In some examples, the third magnetic core 5 is fixedly connected to the first clamping part 7121 and the second clamping part 7221 in a manner of fastening through glue dispensing.

In some examples, as shown in FIG. 15, the first support 71 includes a first bottom plate 711 and two first side plates 712, and the two first side plates 712 are opposite to each other and are both fastened to the first bottom plate 711. The first bottom plate 711 has a first hole 710, the first hole 710 is annularly sleeved on the first middle column 12, the two first side plates 712 respectively abut against the two first side columns 13, and the two first side plates 712 have first clamping parts 7121. The second support 72 includes a second bottom plate 721 and two second side plates 722, and the two second side plates 722 are opposite to each other and are both fastened to the second bottom plate 721. The second bottom plate 721 has a second hole 720, the second hole 720 is annularly sleeved on the second middle column 22, the two second side plates 722 respectively abut against the two second side columns 23, and the two second side plates 722 have second clamping parts 7221.

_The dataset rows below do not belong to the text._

(* Suppose $H$ is an $\alpha$-Erdős–Simonovits good graph for some $0\leq \alpha<1$, and let $H^*$ be formed by taking $s$ copies of $H$ and gluing them along an edge $f$ of $H$. Then there is a constant $C$ such that for all $n$, $$\mathrm{ex}(n, H) \leq \mathrm{ex}(n, H^* ) \leq C n^{1 + \alpha}.$$
   Context: A graph $H$ is $(\alpha, C, \beta)$-Erdős–Simonovits good if every $n$-vertex graph $G$ with $pn^2\geq Cn^{1 + \alpha}$ edges contains at least $\beta p^{\mathrm{e}(H)}n^{v(H)}$ copies of $H$; it is $\alpha$-Erdős–Simonovits good if this holds for some positive constants $C,\beta$. Gluing $s$ copies of $H$ along the edge $f$ means taking $s$ copies of $H$ that are pairwise vertex-disjoint except that the copies of the (labeled) edge $f$ are identified into a single edge, endpoint to corresponding endpoint. $\mathrm{ex}(n,H)$ is the Turán number. *)

theory Defs
  imports "HOL-Analysis.Analysis" "HOL-Library.FuncSet"
begin

definition graph :: "'a set \<Rightarrow> 'a set set \<Rightarrow> bool" where
  "graph V E \<longleftrightarrow> finite V \<and> (\<forall>e\<in>E. \<exists>u v. u \<noteq> v \<and> u \<in> V \<and> v \<in> V \<and> e = {u, v})"

definition copies :: "'a set \<Rightarrow> 'a set set \<Rightarrow> nat \<Rightarrow> nat set set \<Rightarrow> nat" where
  "copies V E n EG = card {\<phi> \<in> V \<rightarrow>\<^sub>E {0..<n}. inj_on \<phi> V \<and> (\<forall>e\<in>E. \<phi> ` e \<in> EG)}"

definition free :: "'a set \<Rightarrow> 'a set set \<Rightarrow> nat \<Rightarrow> nat set set \<Rightarrow> bool" where
  "free V E n EG \<longleftrightarrow> \<not> (\<exists>\<phi>. inj_on \<phi> V \<and> \<phi> ` V \<subseteq> {0..<n} \<and> (\<forall>e\<in>E. \<phi> ` e \<in> EG))"

definition ex :: "nat \<Rightarrow> 'a set \<Rightarrow> 'a set set \<Rightarrow> nat" where
  "ex n V E = Max {card EG | EG. graph {0..<n} EG \<and> free V E n EG}"

definition ES_good_const :: "real \<Rightarrow> real \<Rightarrow> real \<Rightarrow> 'a set \<Rightarrow> 'a set set \<Rightarrow> bool" where
  "ES_good_const \<alpha> C \<beta> V E \<longleftrightarrow>
     (\<forall>n EG. graph {0..<n} EG \<longrightarrow> real (card EG) \<ge> C * real n powr (1 + \<alpha>) \<longrightarrow>
        real (copies V E n EG) \<ge> \<beta> * (real (card EG) / real n ^ 2) ^ card E * real n ^ card V)"

definition ES_good :: "real \<Rightarrow> 'a set \<Rightarrow> 'a set set \<Rightarrow> bool" where
  "ES_good \<alpha> V E \<longleftrightarrow> (\<exists>C \<beta>. C > 0 \<and> \<beta> > 0 \<and> ES_good_const \<alpha> C \<beta> V E)"

text \<open>Gluing s copies of H along the edge f: copy i of vertex v is (v,i),
  except that the endpoints of f are identified with their copies in copy 0.\<close>
definition gmap :: "'a set \<Rightarrow> nat \<Rightarrow> 'a \<Rightarrow> 'a \<times> nat" where
  "gmap f i v = (if v \<in> f then (v, 0) else (v, i))"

Specific shapes of the first hole 710 and the second hole 720 are not limited in embodiments. The first hole 710 and the second hole 720 may be in shapes such as a circle, a rectangle, or a hexagon. Because the two first side plates 712 respectively abut against the two first side columns 13, the two first side columns 13 limit the two first side plates 712, so that the first support 71 can be fastened to the first magnetic core 1. Similarly, the two second side columns 23 limit the two second side plates 722, so that the second support 72 can be fastened to the second magnetic core 2. The first side plate 712 abuts against the second side plate 722, the first bottom plate 711 abuts against the first bottom 11, and the second bottom plate 721 abuts against the second bottom 21.

In some examples, as shown in FIG. 15, the first clamping part 7121 is a limiting block on the first side plate 712, and each first side plate 712 may have two limiting blocks. The second clamping part 7221 is a limiting block on the second side plate 722, and each second side plate 722 may have two limiting blocks. The limiting block on the first side plate 712 and the limiting block on the second side plate 722 clamp the third magnetic core 5, and dispensing glue may be disposed between the limiting block and the third magnetic core 5. In this way, fastening of the first clamping part 7121 and the second clamping part 7221 on the third magnetic core 5 is strengthened.

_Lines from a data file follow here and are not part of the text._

(* Let $\mu_1$ and $\mu_2$ be Borel probability measures on $\mathbb{R}_+=[0,+\infty)$, neither of which is a point mass, and let $\mu=\mu_1\boxtimes\mu_2$. Set $k_j(z)=\eta_{\mu_j}(z)/z$, $j=1,2$. Then $|\varphi_t'(\omega_2(t))|<1$ for every $t<0$; equivalently, \[|t^2k_1'(\omega_1(t))k_2'(\omega_2(t))|<1,\quad t\in(-\infty,0).\]
   Context: For a Borel probability measure $\nu\neq\delta_0$ on $\mathbb{R}_+$, $\psi_\nu(z)=\int_{\mathbb{R}_+}\frac{zs\,d\nu(s)}{1-zs}$ and $\eta_\nu(z)=\psi_\nu(z)/(1+\psi_\nu(z))$ for $z\in\mathbb{C}\setminus\mathbb{R}_+$; ${\rm Eta}_{\mathbb{R}_+}$ is the set of all such $\eta_\nu$ (each maps $(-\infty,0)$ into $(-\infty,0)$). The free multiplicative convolution $\mu_1\boxtimes\mu_2$ is the distribution of $x_2^{1/2}x_1x_2^{1/2}$ for freely independent positive operators $x_1,x_2$ affiliated with a tracial $W^*$-probability space, with distributions $\mu_1,\mu_2$. The subordination functions $\omega_1,\omega_2$ are the unique functions in ${\rm Eta}_{\mathbb{R}_+}$ such that $\eta_\mu(z)=\eta_{\mu_1}(\omega_1(z))=\eta_{\mu_2}(\omega_2(z))=\omega_1(z)\omega_2(z)/z$ for $z$ in the upper half-plane $\mathbb{H}$. For $t<0$, $\varphi_t$ denotes the map $\varphi_t(z)=tk_1(tk_2(z))$ on $\mathbb{C}\setminus\mathbb{R}_+$, which fixes $\omega_2(t)$. *)

theory Defs
  imports "HOL-Probability.Probability"
begin

definition prob_on_Rplus :: "real measure \<Rightarrow> bool" where
  "prob_on_Rplus \<nu> \<longleftrightarrow> prob_space \<nu> \<and> sets \<nu> = sets borel \<and> emeasure \<nu> {..<0} = 0"

definition is_point_mass :: "real measure \<Rightarrow> bool" where
  "is_point_mass \<nu> \<longleftrightarrow> (\<exists>a. \<nu> = return borel a)"

definition Cminus_Rplus :: "complex set" where
  "Cminus_Rplus = - (complex_of_real ` {0..})"

definition psi :: "real measure \<Rightarrow> complex \<Rightarrow> complex" where
  "psi \<nu> z = (\<integral> s. z * complex_of_real s / (1 - z * complex_of_real s) \<partial>\<nu>)"

definition eta :: "real measure \<Rightarrow> complex \<Rightarrow> complex" where
  "eta \<nu> z = psi \<nu> z / (1 + psi \<nu> z)"

definition Eta_Rplus :: "(complex \<Rightarrow> complex) set" where
  "Eta_Rplus = {f. \<exists>\<nu>. prob_on_Rplus \<nu> \<and> \<nu> \<noteq> return borel 0 \<and>
                      (\<forall>z\<in>Cminus_Rplus. f z = eta \<nu> z)}"

text \<open>Subordination functions of mu1 boxtimes mu2: the (unique) pair in Eta_{R_+} with
  eta_{mu1}(omega1 z) = eta_{mu2}(omega2 z) = omega1 z * omega2 z / z on the upper half-plane.\<close>
definition subordination_pair ::
  "real measure \<Rightarrow> real measure \<Rightarrow> (complex \<Rightarrow> complex) \<Rightarrow> (complex \<Rightarrow> complex) \<Rightarrow> bool" where
  "subordination_pair \<mu>1 \<mu>2 \<omega>1 \<omega>2 \<longleftrightarrow>
     \<omega>1 \<in> Eta_Rplus \<and> \<omega>2 \<in> Eta_Rplus \<and>
     (\<forall>z. Im z > 0 \<longrightarrow>
        eta \<mu>1 (\<omega>1 z) = \<omega>1 z * \<omega>2 z / z \<and>
        eta \<mu>2 (\<omega>2 z) = \<omega>1 z * \<omega>2 z / z)"

end

(*
  At a negative real point x everything is real. The weight a(s) = psi_weight x s lies in [0,1)
  on R_+, and with its moments A = E a, B = E a^2 one has psi(x) = -A and x psi'(x) = B - A.
  For k(z) = eta(z)/z this gives x k'(x) = d k(x) with d = (A^2 - B) / (A (1 - A)); Jensen's
  inequality A^2 <= B and a^2 < a off s = 0 (so B < A when nu is not delta_0) put d in (-1, 0].
  At t < 0 the subordination functions take negative real values w_1, w_2, and letting z tend
  to t through the upper half-plane turns the subordination identity into
  eta_mu_j(w_j) = w_1 w_2 / t. Hence t^2 k_1'(w_1) k_2'(w_2) = d_1 d_2, which by the chain rule
  is also phi_t'(w_2), and |d_1 d_2| < 1.
*)

theory Submission
  imports Defs
begin

lemma prob_on_RplusD:
  assumes "prob_on_Rplus \<nu>"
  shows "prob_space \<nu>" "sets \<nu> = sets borel" "space \<nu> = UNIV" "AE s in \<nu>. 0 \<le> s"
proof -
  show \<nu>: "prob_space \<nu>" "sets \<nu> = sets borel" using assms by (auto simp: prob_on_Rplus_def)
  then show "space \<nu> = UNIV" by (metis sets_eq_imp_space_eq space_borel)
  show "AE s in \<nu>. 0 \<le> s"
    by (rule AE_I[of _ _ "{..<0}"]) (use assms \<nu> in \<open>auto simp: prob_on_Rplus_def\<close>)
qed

lemma integrable_bounded_on_Rplus:
  fixes f :: "real \<Rightarrow> 'b::{banach, second_countable_topology}"
  assumes "prob_on_Rplus \<nu>" "f \<in> borel_measurable borel" "\<And>s. 0 \<le> s \<Longrightarrow> norm (f s) \<le> B"
  shows "integrable \<nu> f"
proof -
  note \<nu> = prob_on_RplusD[OF assms(1)]
  interpret prob_space \<nu> by (rule \<nu>(1))
  show ?thesis
  proof (rule integrable_const_bound)
    show "AE s in \<nu>. norm (f s) \<le> B" using \<nu>(4) by eventually_elim (rule assms(3))
    show "f \<in> borel_measurable \<nu>" using assms(2) \<nu>(2) measurable_cong_sets by blast
  qed
qed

The following describes, by using an example, a process of assembling the inductor.

First, the first middle column 12 passes through the first hole 710 of the first support 71, the first bottom plate 711 of the first support 71 abuts against the first bottom 11 of the first magnetic core 1, the first side plate 712 abuts against the first side column 13, and the first winding 3 is wound around the first middle column 12.

Then, the second middle column 22 passes through the second hole 720 of the second support 72, the second bottom plate 721 of the second support 72 abuts against the second bottom 21 of the second magnetic core 2, the second side plate 722 abuts against the second side column 23, and the second winding 4 is wound around the second middle column 22.

Then, the third magnetic core 5 is annularly sleeved on the first middle column 12, one side of the third magnetic core 5 is connected to the first clamping part 7121 through an adhesive, and the second clamping part 7221 is connected to the other side of the third magnetic core 5, so that the first clamping part 7121 and the second clamping part 7221 clamp the third magnetic core 5. Next, the first magnetic core 1 and the third magnetic core 5 are fastened to the bottom plate 6, to complete assembly of the inductor.

The foregoing descriptions are merely embodiments, but are not intended as limiting. Any modification, equivalent replacement, improvement, or the like made within the principle of the embodiments should fall within the scope of the embodiments.